Start of AVAILABLE RECORDS
lemma disagreement_triangle:
  assumes "classifier SX f" "classifier SX g" "classifier SX h"
  shows "disagreement P f g \<le> disagreement P f h + disagreement P g h"
proof -
  note [measurable] = assms[THEN classifier_measurable]
  have "disagreement P f g \<le>
      prob ({z \<in> space P. f (fst z) \<noteq> h (fst z)} \<union> {z \<in> space P. g (fst z) \<noteq> h (fst z)})"
    unfolding disagreement_def by (intro finite_measure_mono) auto
  also have "\<dots> \<le> disagreement P f h + disagreement P g h"
    unfolding disagreement_def by (intro measure_Un_le) auto
  finally show ?thesis .
qed

lemma disagreement_eq_integral:
  assumes "classifier SX f" "classifier SX g"
  shows "disagreement P f g = (\<integral>z. \<bar>f (fst z) - g (fst z)\<bar> \<partial>P) / 2"
proof -
  note [measurable] = assms[THEN classifier_measurable]
  define S where "S = {z \<in> space P. f (fst z) \<noteq> g (fst z)}"
  have [measurable]: "S \<in> events" unfolding S_def by measurable
  have "(\<integral>z. \<bar>f (fst z) - g (fst z)\<bar> \<partial>P) = (\<integral>z. 2 * indicator S z \<partial>P)"
  proof (rule Bochner_Integration.integral_cong[OF refl])
    fix z
    show "\<bar>f (fst z) - g (fst z)\<bar> = 2 * indicator S z" if "z \<in> space P"
      using that assms[THEN classifier_values, of "fst z"] by (auto simp: S_def indicator_def)
  qed
  thus ?thesis by (simp add: disagreement_def S_def)
qed

end

section \<open>Excess risk and the margin assumption\<close>

locale regression_model = binary_classification P SX for P :: "('a \<times> real) measure" and SX +
  fixes eta :: "'a \<Rightarrow> real"
  assumes regression: "is_regression_fun P SX eta"
begin

abbreviation marginal :: "'a measure" where
  "marginal \<equiv> distr P SX fst"

lemma eta_measurable [measurable]: "eta \<in> borel_measurable SX"
  using regression unfolding is_regression_fun_def by blast

lemma rectangle_events: "C \<in> sets SX \<Longrightarrow> B \<in> sets borel \<Longrightarrow> C \<times> B \<in> events"
  unfolding sets_P by (rule pair_measureI)

lemma integrable_indicator_eta: "C \<in> sets SX \<Longrightarrow> integrable marginal (\<lambda>x. indicator C x * eta x)"
  using regression unfolding is_regression_fun_def by blast

lemma prob_label_one: "C \<in> sets SX \<Longrightarrow> prob (C \<times> {1}) = (\<integral>x. indicator C x * eta x \<partial>marginal)"
  using regression by (simp add: is_regression_fun_def set_lebesgue_integral_def)

lemma prob_label_minus_one:
  assumes "C \<in> sets SX"
  shows "prob (C \<times> {-1}) = measure marginal C - prob (C \<times> {1})"
proof -
  have "measure marginal C = prob (fst -` C \<inter> space P)"
    using assms by (intro measure_distr) auto
  also have "fst -` C \<inter> space P = C \<times> UNIV"
    using sets.sets_into_space[OF assms] by (auto simp: space_P)
  also have "prob (C \<times> UNIV) = prob (C \<times> {-1} \<union> C \<times> {1})"
    using AE_label assms by (intro measure_eq_AE) (auto intro!: rectangle_events)
  also have "\<dots> = prob (C \<times> {-1}) + prob (C \<times> {1})"
    using assms by (intro finite_measure_Union) (auto intro!: rectangle_events)
  finally show ?thesis by simp
qed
End of AVAILABLE RECORDS
◆ **ACTIVITY**
Please find every line in the listing that holds the string "measurable" and copy it.

◆ **TASK ANSWER**
  note [measurable] = assms[THEN classifier_measurable]
  note [measurable] = assms[THEN classifier_measurable]
  have [measurable]: "S \<in> events" unfolding S_def by measurable
lemma eta_measurable [measurable]: "eta \<in> borel_measurable SX"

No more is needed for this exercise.